All entries below must be given again exactly as they stand.

______

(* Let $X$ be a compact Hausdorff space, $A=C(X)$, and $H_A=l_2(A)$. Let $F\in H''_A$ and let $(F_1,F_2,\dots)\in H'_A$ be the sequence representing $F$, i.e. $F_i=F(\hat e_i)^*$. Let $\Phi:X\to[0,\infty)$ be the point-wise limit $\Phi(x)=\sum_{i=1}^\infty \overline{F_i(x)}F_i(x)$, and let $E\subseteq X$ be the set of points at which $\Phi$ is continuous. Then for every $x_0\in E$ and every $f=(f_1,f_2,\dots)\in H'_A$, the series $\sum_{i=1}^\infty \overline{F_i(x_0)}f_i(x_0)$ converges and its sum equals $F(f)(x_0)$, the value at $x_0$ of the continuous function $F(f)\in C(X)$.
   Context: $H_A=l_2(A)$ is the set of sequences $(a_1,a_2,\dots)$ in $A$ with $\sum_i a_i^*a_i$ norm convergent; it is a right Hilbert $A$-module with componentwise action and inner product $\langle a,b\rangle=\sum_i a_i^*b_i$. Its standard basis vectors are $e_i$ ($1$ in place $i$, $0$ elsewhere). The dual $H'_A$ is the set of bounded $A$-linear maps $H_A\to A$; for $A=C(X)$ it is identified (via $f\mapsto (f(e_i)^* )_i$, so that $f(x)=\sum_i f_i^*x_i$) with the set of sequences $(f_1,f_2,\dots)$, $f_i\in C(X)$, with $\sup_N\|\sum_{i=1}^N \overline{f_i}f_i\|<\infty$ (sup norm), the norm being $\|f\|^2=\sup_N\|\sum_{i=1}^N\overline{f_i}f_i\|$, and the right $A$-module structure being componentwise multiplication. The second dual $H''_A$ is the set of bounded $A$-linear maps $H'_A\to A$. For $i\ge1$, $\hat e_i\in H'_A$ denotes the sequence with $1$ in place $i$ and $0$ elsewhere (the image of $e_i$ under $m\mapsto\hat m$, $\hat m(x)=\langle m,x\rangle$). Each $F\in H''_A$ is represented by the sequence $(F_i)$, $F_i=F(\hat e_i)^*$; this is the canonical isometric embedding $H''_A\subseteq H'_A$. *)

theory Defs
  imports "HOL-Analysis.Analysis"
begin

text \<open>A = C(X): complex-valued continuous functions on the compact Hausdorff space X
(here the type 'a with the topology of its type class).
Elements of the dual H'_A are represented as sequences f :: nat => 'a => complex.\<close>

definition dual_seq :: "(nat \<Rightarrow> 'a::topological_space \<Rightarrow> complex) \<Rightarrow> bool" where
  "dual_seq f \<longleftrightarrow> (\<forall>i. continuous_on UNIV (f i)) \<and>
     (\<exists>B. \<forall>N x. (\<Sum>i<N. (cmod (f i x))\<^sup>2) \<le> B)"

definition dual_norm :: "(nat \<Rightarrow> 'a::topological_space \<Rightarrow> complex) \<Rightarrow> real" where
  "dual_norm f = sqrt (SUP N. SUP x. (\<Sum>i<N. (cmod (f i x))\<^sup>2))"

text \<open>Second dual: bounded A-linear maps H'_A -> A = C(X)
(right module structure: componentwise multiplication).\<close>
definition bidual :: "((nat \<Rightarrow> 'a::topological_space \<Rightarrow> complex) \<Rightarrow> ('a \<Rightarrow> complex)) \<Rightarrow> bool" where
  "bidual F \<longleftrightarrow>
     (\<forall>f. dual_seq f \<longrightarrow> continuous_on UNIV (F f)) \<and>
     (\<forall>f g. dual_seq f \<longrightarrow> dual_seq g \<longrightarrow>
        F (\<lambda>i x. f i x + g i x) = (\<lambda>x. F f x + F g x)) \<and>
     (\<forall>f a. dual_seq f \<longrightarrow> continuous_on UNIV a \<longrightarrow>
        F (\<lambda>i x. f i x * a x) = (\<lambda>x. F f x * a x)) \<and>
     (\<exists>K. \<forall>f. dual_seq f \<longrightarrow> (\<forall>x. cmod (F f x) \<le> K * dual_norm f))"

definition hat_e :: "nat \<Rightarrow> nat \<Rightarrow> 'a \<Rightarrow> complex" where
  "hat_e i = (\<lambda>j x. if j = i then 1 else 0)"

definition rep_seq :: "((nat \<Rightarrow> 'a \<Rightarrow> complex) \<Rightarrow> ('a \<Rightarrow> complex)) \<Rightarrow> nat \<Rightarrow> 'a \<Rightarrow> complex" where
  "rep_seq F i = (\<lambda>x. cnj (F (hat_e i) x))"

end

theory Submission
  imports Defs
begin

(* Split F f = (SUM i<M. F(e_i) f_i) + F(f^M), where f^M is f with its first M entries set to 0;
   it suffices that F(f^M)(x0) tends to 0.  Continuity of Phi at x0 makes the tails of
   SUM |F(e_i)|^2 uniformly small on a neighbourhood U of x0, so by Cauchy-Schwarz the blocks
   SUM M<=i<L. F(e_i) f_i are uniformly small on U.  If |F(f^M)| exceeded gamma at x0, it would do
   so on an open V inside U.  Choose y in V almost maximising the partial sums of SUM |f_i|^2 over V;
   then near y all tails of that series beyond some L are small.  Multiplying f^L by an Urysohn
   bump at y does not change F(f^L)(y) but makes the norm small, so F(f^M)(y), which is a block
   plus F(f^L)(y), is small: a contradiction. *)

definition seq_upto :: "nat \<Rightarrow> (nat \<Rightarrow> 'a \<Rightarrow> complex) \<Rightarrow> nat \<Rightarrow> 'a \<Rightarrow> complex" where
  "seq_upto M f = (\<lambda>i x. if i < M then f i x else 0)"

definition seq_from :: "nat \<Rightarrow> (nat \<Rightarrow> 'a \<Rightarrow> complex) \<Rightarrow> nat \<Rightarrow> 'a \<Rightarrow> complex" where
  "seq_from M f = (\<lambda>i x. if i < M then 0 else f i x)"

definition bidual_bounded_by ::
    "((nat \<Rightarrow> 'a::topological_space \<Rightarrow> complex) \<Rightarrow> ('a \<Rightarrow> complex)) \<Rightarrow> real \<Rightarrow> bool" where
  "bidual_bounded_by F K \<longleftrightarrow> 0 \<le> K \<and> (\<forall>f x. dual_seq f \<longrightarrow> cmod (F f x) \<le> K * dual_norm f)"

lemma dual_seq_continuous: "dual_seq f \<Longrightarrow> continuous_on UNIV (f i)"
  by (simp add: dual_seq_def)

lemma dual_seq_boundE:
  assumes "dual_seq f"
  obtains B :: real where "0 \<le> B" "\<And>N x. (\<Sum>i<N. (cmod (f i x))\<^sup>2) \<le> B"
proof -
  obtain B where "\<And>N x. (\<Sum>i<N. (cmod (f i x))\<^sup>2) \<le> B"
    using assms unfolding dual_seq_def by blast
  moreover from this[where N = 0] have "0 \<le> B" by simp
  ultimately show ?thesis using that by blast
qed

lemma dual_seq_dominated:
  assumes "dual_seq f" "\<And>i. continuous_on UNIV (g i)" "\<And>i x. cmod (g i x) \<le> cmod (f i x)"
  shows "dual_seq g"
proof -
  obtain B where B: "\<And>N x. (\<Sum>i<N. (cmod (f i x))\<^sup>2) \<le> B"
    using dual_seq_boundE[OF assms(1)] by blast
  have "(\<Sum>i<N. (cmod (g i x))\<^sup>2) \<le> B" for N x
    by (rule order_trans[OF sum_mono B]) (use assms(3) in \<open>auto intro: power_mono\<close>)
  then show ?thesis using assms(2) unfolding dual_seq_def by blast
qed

______

**TASK RESULT**
(* Let $X$ be a compact Hausdorff space, $A=C(X)$, and $H_A=l_2(A)$. Let $F\in H''_A$ and let $(F_1,F_2,\dots)\in H'_A$ be the sequence representing $F$, i.e. $F_i=F(\hat e_i)^*$. Let $\Phi:X\to[0,\infty)$ be the point-wise limit $\Phi(x)=\sum_{i=1}^\infty \overline{F_i(x)}F_i(x)$, and let $E\subseteq X$ be the set of points at which $\Phi$ is continuous. Then for every $x_0\in E$ and every $f=(f_1,f_2,\dots)\in H'_A$, the series $\sum_{i=1}^\infty \overline{F_i(x_0)}f_i(x_0)$ converges and its sum equals $F(f)(x_0)$, the value at $x_0$ of the continuous function $F(f)\in C(X)$.
   Context: $H_A=l_2(A)$ is the set of sequences $(a_1,a_2,\dots)$ in $A$ with $\sum_i a_i^*a_i$ norm convergent; it is a right Hilbert $A$-module with componentwise action and inner product $\langle a,b\rangle=\sum_i a_i^*b_i$. Its standard basis vectors are $e_i$ ($1$ in place $i$, $0$ elsewhere). The dual $H'_A$ is the set of bounded $A$-linear maps $H_A\to A$; for $A=C(X)$ it is identified (via $f\mapsto (f(e_i)^* )_i$, so that $f(x)=\sum_i f_i^*x_i$) with the set of sequences $(f_1,f_2,\dots)$, $f_i\in C(X)$, with $\sup_N\|\sum_{i=1}^N \overline{f_i}f_i\|<\infty$ (sup norm), the norm being $\|f\|^2=\sup_N\|\sum_{i=1}^N\overline{f_i}f_i\|$, and the right $A$-module structure being componentwise multiplication. The second dual $H''_A$ is the set of bounded $A$-linear maps $H'_A\to A$. For $i\ge1$, $\hat e_i\in H'_A$ denotes the sequence with $1$ in place $i$ and $0$ elsewhere (the image of $e_i$ under $m\mapsto\hat m$, $\hat m(x)=\langle m,x\rangle$). Each $F\in H''_A$ is represented by the sequence $(F_i)$, $F_i=F(\hat e_i)^*$; this is the canonical isometric embedding $H''_A\subseteq H'_A$. *)

theory Defs
  imports "HOL-Analysis.Analysis"
begin

text \<open>A = C(X): complex-valued continuous functions on the compact Hausdorff space X
(here the type 'a with the topology of its type class).
Elements of the dual H'_A are represented as sequences f :: nat => 'a => complex.\<close>

definition dual_seq :: "(nat \<Rightarrow> 'a::topological_space \<Rightarrow> complex) \<Rightarrow> bool" where
  "dual_seq f \<longleftrightarrow> (\<forall>i. continuous_on UNIV (f i)) \<and>
     (\<exists>B. \<forall>N x. (\<Sum>i<N. (cmod (f i x))\<^sup>2) \<le> B)"

definition dual_norm :: "(nat \<Rightarrow> 'a::topological_space \<Rightarrow> complex) \<Rightarrow> real" where
  "dual_norm f = sqrt (SUP N. SUP x. (\<Sum>i<N. (cmod (f i x))\<^sup>2))"

text \<open>Second dual: bounded A-linear maps H'_A -> A = C(X)
(right module structure: componentwise multiplication).\<close>
definition bidual :: "((nat \<Rightarrow> 'a::topological_space \<Rightarrow> complex) \<Rightarrow> ('a \<Rightarrow> complex)) \<Rightarrow> bool" where
  "bidual F \<longleftrightarrow>
     (\<forall>f. dual_seq f \<longrightarrow> continuous_on UNIV (F f)) \<and>
     (\<forall>f g. dual_seq f \<longrightarrow> dual_seq g \<longrightarrow>
        F (\<lambda>i x. f i x + g i x) = (\<lambda>x. F f x + F g x)) \<and>
     (\<forall>f a. dual_seq f \<longrightarrow> continuous_on UNIV a \<longrightarrow>
        F (\<lambda>i x. f i x * a x) = (\<lambda>x. F f x * a x)) \<and>
     (\<exists>K. \<forall>f. dual_seq f \<longrightarrow> (\<forall>x. cmod (F f x) \<le> K * dual_norm f))"

definition hat_e :: "nat \<Rightarrow> nat \<Rightarrow> 'a \<Rightarrow> complex" where
  "hat_e i = (\<lambda>j x. if j = i then 1 else 0)"

definition rep_seq :: "((nat \<Rightarrow> 'a \<Rightarrow> complex) \<Rightarrow> ('a \<Rightarrow> complex)) \<Rightarrow> nat \<Rightarrow> 'a \<Rightarrow> complex" where
  "rep_seq F i = (\<lambda>x. cnj (F (hat_e i) x))"

end

theory Submission
  imports Defs
begin

(* Split F f = (SUM i<M. F(e_i) f_i) + F(f^M), where f^M is f with its first M entries set to 0;
   it suffices that F(f^M)(x0) tends to 0.  Continuity of Phi at x0 makes the tails of
   SUM |F(e_i)|^2 uniformly small on a neighbourhood U of x0, so by Cauchy-Schwarz the blocks
   SUM M<=i<L. F(e_i) f_i are uniformly small on U.  If |F(f^M)| exceeded gamma at x0, it would do
   so on an open V inside U.  Choose y in V almost maximising the partial sums of SUM |f_i|^2 over V;
   then near y all tails of that series beyond some L are small.  Multiplying f^L by an Urysohn
   bump at y does not change F(f^L)(y) but makes the norm small, so F(f^M)(y), which is a block
   plus F(f^L)(y), is small: a contradiction. *)

definition seq_upto :: "nat \<Rightarrow> (nat \<Rightarrow> 'a \<Rightarrow> complex) \<Rightarrow> nat \<Rightarrow> 'a \<Rightarrow> complex" where
  "seq_upto M f = (\<lambda>i x. if i < M then f i x else 0)"

definition seq_from :: "nat \<Rightarrow> (nat \<Rightarrow> 'a \<Rightarrow> complex) \<Rightarrow> nat \<Rightarrow> 'a \<Rightarrow> complex" where
  "seq_from M f = (\<lambda>i x. if i < M then 0 else f i x)"

definition bidual_bounded_by ::
    "((nat \<Rightarrow> 'a::topological_space \<Rightarrow> complex) \<Rightarrow> ('a \<Rightarrow> complex)) \<Rightarrow> real \<Rightarrow> bool" where
  "bidual_bounded_by F K \<longleftrightarrow> 0 \<le> K \<and> (\<forall>f x. dual_seq f \<longrightarrow> cmod (F f x) \<le> K * dual_norm f)"

lemma dual_seq_continuous: "dual_seq f \<Longrightarrow> continuous_on UNIV (f i)"
  by (simp add: dual_seq_def)

lemma dual_seq_boundE:
  assumes "dual_seq f"
  obtains B :: real where "0 \<le> B" "\<And>N x. (\<Sum>i<N. (cmod (f i x))\<^sup>2) \<le> B"
proof -
  obtain B where "\<And>N x. (\<Sum>i<N. (cmod (f i x))\<^sup>2) \<le> B"
    using assms unfolding dual_seq_def by blast
  moreover from this[where N = 0] have "0 \<le> B" by simp
  ultimately show ?thesis using that by blast
qed

lemma dual_seq_dominated:
  assumes "dual_seq f" "\<And>i. continuous_on UNIV (g i)" "\<And>i x. cmod (g i x) \<le> cmod (f i x)"
  shows "dual_seq g"
proof -
  obtain B where B: "\<And>N x. (\<Sum>i<N. (cmod (f i x))\<^sup>2) \<le> B"
    using dual_seq_boundE[OF assms(1)] by blast
  have "(\<Sum>i<N. (cmod (g i x))\<^sup>2) \<le> B" for N x
    by (rule order_trans[OF sum_mono B]) (use assms(3) in \<open>auto intro: power_mono\<close>)
  then show ?thesis using assms(2) unfolding dual_seq_def by blast
qed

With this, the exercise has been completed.